TASK DETAILS ▸ How many lines in the records below contain "intro"? Reply with the number alone.

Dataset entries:
━━━━━━━━━━

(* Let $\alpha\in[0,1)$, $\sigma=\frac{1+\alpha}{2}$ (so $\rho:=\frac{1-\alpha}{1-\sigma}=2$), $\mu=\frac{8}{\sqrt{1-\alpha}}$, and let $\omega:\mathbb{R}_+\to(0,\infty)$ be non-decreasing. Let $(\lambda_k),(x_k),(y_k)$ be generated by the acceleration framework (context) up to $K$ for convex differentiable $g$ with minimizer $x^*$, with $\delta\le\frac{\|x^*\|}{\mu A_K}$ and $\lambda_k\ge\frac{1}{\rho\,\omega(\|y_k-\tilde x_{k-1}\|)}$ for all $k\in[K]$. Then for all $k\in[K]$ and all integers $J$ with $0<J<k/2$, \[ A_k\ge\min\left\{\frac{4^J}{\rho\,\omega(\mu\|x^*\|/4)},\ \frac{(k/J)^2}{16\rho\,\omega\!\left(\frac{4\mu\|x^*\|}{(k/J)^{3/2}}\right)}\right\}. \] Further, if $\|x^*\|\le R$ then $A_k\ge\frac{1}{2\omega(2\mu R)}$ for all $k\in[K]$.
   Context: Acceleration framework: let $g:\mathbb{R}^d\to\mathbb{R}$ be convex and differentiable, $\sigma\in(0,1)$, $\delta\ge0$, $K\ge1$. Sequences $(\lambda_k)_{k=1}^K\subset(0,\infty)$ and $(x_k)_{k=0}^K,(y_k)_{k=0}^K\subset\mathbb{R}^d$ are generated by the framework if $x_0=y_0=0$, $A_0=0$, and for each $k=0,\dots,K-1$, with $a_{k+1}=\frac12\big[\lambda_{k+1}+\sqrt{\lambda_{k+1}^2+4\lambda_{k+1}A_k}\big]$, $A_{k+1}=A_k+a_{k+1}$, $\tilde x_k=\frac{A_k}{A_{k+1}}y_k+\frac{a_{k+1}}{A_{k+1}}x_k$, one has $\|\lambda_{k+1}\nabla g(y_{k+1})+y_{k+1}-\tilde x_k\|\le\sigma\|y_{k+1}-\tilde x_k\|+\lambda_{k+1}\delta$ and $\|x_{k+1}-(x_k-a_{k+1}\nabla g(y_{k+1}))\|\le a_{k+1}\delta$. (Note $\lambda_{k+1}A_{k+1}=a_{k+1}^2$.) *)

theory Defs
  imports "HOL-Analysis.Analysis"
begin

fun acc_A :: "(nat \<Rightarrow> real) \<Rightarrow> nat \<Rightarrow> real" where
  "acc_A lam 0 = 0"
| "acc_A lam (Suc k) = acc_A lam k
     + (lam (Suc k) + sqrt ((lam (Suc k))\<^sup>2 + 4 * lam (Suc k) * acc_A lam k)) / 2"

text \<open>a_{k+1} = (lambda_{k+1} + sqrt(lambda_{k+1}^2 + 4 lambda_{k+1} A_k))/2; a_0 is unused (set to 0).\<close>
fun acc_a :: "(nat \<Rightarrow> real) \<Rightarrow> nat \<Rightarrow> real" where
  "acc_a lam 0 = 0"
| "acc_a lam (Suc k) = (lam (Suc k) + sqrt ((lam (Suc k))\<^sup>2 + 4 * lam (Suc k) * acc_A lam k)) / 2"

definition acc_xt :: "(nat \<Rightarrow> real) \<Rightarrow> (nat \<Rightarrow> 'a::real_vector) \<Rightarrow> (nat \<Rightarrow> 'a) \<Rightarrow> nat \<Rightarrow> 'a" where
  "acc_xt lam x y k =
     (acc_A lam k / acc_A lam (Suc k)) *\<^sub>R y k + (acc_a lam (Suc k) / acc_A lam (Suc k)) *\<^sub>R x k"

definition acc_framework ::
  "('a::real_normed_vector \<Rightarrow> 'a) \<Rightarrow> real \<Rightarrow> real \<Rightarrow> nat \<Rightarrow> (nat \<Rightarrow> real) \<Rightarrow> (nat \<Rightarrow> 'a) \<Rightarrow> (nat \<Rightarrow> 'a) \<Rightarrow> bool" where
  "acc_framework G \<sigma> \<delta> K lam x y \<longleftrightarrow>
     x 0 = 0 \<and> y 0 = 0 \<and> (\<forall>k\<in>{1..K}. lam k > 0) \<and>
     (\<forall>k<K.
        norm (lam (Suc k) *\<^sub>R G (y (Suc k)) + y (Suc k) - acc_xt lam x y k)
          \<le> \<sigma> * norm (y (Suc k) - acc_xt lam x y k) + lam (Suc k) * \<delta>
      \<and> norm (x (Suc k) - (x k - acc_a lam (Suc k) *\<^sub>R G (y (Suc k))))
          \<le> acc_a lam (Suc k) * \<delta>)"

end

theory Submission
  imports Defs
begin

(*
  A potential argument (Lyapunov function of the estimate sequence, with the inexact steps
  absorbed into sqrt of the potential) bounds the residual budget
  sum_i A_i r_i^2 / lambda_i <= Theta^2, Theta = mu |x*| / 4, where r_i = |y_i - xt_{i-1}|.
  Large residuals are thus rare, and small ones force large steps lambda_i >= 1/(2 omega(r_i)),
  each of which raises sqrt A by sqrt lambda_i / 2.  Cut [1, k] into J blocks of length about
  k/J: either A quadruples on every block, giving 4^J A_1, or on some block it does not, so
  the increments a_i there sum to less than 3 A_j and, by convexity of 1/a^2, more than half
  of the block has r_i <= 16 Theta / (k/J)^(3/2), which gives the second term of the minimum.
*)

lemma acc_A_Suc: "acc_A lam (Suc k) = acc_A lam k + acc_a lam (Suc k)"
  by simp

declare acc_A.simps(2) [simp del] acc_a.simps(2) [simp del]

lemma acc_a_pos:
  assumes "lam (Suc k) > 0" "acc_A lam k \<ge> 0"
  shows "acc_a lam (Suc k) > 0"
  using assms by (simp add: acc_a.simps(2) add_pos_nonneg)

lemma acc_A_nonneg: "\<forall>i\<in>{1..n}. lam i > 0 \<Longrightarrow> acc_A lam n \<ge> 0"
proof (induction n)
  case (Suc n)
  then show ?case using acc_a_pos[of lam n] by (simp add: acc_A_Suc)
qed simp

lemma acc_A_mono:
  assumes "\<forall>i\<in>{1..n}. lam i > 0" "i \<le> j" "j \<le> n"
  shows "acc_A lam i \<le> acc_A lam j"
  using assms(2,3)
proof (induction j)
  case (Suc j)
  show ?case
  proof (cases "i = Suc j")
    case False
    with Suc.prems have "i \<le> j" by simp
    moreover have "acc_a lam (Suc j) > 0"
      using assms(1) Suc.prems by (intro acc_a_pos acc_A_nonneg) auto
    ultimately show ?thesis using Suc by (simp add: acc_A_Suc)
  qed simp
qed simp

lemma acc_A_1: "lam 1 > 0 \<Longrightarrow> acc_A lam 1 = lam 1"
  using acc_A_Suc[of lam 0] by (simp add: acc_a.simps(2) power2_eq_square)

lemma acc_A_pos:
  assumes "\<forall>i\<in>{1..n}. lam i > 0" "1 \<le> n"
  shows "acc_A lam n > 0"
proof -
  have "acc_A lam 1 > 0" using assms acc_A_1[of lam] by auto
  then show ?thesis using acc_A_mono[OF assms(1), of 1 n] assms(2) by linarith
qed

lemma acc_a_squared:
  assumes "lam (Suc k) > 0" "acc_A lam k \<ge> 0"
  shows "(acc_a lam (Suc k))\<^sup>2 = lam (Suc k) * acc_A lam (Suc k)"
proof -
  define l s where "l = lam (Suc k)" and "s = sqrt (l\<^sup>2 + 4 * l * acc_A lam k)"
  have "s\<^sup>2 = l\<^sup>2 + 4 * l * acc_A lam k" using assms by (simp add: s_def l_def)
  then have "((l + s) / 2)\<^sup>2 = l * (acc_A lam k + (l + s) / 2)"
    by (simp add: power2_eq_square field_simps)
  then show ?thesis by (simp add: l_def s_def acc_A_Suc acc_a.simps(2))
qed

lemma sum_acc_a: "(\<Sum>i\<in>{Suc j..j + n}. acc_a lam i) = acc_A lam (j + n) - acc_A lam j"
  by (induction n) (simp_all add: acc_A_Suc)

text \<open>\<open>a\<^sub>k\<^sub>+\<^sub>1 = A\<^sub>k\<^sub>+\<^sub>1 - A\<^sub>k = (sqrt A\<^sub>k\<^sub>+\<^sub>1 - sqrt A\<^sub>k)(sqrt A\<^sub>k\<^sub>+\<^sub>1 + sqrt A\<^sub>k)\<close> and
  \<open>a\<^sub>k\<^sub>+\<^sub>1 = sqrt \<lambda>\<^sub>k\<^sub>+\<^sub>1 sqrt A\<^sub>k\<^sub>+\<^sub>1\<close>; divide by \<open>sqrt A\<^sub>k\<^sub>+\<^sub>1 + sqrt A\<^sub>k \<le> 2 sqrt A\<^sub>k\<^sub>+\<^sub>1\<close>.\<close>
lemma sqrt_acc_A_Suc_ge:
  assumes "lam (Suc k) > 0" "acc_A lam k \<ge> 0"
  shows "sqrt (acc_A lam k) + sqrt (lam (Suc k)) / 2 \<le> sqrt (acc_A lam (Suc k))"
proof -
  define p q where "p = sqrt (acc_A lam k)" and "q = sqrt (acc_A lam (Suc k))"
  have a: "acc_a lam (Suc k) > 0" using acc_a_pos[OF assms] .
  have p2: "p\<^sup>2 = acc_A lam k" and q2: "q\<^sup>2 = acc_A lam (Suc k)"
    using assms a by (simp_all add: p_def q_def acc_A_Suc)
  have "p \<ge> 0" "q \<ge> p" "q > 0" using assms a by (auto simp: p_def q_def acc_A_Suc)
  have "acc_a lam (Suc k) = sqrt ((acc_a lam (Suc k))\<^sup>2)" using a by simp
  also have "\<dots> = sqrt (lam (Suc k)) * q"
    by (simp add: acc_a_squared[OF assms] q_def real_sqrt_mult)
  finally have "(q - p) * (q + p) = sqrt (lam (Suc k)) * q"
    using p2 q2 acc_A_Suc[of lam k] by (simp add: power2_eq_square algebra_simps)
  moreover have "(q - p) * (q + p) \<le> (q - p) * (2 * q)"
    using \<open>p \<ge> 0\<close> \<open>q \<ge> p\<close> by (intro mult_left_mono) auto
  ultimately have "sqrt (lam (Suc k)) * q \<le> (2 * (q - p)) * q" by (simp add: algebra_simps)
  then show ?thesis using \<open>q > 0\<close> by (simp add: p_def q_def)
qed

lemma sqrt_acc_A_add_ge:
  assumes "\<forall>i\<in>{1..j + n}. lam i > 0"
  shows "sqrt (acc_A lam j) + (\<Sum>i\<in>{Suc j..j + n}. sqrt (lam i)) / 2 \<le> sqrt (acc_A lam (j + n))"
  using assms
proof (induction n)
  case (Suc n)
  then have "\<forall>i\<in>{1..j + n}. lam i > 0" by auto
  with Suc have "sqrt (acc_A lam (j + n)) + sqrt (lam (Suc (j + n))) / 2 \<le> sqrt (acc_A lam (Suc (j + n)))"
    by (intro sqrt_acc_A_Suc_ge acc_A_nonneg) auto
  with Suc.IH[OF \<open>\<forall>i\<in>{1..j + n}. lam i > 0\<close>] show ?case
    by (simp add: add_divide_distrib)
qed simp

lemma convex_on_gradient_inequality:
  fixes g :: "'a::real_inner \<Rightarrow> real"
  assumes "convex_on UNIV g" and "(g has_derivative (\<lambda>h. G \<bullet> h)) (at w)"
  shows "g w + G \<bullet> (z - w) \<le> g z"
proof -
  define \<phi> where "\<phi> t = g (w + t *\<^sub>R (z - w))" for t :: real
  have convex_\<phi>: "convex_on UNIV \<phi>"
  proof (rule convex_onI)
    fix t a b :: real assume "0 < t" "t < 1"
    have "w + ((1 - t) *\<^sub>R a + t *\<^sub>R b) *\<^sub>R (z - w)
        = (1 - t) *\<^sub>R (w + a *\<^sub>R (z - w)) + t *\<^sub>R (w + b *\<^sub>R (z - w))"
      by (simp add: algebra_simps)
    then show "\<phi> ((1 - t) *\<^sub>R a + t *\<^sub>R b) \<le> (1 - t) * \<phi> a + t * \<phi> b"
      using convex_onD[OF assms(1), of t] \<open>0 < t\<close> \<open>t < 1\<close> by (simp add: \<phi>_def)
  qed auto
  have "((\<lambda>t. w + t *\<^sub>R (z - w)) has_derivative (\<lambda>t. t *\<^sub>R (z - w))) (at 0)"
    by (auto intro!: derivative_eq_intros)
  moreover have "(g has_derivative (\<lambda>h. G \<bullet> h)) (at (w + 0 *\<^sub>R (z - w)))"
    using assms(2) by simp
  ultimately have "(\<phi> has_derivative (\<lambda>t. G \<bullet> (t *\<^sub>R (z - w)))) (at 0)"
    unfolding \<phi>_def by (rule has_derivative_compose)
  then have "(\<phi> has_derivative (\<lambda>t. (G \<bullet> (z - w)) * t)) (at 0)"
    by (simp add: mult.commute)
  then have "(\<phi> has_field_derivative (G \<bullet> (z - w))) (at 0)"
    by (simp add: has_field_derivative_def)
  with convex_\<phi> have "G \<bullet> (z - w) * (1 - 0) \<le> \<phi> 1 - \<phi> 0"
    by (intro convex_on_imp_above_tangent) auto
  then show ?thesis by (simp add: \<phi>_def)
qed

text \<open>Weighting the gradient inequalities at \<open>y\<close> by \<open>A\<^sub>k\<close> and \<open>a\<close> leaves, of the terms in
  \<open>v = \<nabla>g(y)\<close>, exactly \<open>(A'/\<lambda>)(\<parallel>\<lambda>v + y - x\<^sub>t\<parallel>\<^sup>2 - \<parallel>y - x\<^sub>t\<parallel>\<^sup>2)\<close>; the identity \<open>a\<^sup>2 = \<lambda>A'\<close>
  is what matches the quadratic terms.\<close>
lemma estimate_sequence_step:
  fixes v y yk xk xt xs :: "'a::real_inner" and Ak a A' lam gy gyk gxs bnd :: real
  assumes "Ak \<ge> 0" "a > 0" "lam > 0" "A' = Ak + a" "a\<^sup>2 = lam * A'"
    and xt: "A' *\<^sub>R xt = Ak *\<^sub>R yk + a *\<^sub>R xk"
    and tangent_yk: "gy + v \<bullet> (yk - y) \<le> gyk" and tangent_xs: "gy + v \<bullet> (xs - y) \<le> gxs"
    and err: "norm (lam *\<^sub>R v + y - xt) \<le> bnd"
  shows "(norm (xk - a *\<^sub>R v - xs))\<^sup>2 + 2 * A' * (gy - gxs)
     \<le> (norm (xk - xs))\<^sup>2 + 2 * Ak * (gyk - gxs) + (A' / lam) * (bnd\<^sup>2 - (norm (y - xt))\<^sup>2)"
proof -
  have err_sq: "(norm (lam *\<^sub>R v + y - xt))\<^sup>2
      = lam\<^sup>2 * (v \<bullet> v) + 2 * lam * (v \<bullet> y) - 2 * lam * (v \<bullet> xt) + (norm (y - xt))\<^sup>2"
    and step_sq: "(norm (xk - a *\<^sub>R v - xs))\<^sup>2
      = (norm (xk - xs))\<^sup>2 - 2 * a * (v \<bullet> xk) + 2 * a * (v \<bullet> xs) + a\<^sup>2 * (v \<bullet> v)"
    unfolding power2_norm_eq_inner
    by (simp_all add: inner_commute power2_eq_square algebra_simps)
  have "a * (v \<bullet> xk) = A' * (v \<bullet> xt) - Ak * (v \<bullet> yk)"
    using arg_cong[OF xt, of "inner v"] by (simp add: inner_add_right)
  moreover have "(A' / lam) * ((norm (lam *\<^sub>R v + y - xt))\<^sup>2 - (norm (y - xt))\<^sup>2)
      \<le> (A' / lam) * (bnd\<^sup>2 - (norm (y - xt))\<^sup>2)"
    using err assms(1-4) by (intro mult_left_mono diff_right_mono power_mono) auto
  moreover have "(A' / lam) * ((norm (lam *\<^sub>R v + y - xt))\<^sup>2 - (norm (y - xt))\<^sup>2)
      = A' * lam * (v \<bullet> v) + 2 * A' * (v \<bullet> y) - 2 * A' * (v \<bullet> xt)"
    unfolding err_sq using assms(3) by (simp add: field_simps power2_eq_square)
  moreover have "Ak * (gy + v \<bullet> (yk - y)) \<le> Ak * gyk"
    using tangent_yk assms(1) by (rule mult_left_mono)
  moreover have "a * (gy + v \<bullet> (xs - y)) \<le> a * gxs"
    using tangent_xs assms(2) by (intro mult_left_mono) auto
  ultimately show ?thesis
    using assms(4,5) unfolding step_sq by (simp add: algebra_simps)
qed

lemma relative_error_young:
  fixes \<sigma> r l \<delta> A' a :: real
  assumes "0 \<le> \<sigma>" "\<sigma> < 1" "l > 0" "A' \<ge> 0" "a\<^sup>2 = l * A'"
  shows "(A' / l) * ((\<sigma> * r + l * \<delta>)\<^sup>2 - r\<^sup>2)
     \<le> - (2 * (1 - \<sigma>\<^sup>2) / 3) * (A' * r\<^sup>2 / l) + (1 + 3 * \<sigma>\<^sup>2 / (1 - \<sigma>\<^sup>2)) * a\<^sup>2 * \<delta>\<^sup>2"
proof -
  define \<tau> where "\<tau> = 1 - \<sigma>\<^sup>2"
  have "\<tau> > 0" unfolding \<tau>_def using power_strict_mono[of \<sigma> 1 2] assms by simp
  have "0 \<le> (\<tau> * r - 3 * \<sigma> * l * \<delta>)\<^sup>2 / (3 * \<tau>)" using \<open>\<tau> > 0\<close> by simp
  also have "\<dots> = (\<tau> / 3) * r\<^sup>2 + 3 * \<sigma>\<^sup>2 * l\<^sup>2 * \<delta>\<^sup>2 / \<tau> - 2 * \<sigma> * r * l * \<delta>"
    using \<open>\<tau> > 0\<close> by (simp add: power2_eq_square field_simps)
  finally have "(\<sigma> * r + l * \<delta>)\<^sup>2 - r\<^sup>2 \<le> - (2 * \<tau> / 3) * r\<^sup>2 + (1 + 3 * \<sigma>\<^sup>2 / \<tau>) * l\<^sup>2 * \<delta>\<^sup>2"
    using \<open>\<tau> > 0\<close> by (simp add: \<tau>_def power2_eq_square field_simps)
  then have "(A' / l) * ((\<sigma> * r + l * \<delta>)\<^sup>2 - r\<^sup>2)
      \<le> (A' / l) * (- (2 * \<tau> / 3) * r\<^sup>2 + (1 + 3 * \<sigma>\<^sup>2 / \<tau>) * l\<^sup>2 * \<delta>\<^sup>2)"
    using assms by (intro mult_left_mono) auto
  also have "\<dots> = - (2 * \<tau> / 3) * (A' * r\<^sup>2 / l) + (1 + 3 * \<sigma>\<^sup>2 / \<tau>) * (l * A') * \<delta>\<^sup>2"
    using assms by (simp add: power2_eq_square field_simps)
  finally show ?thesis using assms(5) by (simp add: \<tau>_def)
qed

━━━━━━━━━━

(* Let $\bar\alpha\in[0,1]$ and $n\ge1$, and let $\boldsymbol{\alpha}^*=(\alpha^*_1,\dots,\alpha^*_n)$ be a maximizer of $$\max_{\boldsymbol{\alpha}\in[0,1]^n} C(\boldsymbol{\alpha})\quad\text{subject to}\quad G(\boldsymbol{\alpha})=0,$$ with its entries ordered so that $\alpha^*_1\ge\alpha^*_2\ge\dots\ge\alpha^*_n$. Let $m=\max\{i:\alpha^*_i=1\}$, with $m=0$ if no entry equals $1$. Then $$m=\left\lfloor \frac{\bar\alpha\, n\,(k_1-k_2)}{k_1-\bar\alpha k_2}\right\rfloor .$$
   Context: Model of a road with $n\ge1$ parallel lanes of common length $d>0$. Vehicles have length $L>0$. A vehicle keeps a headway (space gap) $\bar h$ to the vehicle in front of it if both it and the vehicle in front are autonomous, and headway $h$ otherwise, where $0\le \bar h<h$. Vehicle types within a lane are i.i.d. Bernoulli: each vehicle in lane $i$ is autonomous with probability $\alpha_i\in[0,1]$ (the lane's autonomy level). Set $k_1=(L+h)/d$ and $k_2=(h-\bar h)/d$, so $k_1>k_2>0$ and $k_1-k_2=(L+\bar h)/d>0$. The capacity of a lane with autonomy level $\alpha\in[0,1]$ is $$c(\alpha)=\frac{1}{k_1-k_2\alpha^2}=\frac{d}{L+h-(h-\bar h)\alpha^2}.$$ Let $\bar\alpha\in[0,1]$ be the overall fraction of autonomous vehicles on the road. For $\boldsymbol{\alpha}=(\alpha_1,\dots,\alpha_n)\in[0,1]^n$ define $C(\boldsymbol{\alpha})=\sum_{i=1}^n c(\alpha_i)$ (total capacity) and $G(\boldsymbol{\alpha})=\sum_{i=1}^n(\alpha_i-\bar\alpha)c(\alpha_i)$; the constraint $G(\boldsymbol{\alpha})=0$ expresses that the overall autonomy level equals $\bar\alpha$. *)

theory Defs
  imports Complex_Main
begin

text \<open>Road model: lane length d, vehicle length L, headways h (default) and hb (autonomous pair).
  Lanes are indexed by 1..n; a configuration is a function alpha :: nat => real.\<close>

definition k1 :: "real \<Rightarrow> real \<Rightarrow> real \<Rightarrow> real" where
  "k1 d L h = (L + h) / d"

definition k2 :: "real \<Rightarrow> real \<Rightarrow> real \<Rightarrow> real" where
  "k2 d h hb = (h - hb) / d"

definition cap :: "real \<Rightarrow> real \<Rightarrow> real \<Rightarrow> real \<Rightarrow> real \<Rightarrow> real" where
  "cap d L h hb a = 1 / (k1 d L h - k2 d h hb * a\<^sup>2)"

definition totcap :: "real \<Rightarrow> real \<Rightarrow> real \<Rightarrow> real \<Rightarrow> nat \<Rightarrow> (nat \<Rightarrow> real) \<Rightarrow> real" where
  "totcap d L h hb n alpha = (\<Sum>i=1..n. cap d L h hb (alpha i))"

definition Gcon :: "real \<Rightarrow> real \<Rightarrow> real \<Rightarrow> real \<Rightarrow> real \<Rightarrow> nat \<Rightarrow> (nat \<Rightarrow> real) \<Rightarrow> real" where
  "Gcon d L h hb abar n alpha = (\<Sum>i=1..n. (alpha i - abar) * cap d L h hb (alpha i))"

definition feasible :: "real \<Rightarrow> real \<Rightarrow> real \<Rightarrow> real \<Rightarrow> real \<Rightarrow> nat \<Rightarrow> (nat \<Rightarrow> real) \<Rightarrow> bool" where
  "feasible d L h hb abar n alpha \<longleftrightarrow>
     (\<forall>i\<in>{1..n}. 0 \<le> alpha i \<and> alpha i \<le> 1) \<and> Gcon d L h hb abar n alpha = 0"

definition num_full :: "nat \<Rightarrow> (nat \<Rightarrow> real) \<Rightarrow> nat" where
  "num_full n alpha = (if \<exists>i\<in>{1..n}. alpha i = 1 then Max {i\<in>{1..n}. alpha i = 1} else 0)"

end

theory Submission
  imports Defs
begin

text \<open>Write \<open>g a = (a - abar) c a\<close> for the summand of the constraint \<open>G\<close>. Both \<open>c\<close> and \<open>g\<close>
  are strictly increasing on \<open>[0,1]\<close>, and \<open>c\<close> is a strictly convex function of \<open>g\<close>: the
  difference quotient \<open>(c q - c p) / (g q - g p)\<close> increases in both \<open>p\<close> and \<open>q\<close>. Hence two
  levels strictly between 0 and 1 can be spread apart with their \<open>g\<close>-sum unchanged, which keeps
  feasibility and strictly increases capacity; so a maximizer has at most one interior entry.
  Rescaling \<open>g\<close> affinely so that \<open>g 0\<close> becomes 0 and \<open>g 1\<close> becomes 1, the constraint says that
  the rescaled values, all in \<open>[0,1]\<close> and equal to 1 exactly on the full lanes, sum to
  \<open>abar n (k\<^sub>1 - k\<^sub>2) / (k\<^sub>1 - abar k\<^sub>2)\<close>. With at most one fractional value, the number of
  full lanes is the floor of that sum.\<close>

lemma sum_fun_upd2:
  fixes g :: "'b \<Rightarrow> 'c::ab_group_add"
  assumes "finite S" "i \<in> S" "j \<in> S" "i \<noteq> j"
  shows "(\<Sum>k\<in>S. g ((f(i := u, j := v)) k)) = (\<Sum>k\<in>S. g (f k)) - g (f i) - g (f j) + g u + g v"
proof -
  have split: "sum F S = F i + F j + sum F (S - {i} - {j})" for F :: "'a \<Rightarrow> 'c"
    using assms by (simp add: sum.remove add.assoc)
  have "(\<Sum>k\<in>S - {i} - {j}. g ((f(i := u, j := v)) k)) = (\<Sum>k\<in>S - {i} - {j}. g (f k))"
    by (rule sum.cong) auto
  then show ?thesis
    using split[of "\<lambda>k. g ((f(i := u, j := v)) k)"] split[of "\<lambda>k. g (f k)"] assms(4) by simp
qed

━━━━━━━━━━

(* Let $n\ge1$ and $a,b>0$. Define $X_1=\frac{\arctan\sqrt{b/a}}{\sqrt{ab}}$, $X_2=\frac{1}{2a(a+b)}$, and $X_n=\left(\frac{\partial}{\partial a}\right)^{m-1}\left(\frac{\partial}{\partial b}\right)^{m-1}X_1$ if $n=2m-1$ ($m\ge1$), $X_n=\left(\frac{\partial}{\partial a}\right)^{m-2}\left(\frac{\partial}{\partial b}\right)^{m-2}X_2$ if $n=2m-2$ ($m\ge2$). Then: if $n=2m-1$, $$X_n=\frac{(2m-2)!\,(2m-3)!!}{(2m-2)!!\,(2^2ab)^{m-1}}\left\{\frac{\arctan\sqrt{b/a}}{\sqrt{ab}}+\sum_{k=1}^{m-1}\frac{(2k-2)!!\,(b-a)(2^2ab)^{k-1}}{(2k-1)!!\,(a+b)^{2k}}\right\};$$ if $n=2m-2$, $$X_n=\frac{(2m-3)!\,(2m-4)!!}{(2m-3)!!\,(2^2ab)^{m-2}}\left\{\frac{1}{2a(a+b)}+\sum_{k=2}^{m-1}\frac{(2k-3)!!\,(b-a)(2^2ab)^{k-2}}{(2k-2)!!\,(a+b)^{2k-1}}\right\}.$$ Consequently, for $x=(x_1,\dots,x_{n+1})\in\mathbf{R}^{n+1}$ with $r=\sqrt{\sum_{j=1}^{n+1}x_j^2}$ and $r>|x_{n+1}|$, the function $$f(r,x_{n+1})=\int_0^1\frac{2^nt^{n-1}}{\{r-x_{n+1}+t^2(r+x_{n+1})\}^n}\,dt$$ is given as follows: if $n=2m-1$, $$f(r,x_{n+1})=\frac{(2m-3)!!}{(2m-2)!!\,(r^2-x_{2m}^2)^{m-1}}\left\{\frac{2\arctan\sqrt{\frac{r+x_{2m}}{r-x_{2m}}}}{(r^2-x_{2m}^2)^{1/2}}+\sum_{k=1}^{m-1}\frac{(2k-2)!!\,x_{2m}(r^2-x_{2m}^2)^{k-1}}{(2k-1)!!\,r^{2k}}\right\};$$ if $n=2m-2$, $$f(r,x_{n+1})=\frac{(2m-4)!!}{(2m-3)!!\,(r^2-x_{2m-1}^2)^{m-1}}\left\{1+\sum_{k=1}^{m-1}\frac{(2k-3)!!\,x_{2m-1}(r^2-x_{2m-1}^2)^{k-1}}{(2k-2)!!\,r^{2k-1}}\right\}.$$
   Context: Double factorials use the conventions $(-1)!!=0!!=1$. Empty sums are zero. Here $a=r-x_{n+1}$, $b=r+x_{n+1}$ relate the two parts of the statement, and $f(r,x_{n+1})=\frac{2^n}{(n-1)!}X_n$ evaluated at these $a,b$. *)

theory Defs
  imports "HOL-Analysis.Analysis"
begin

━━━━━━━━━━

COMPLETED TASK ▸ 8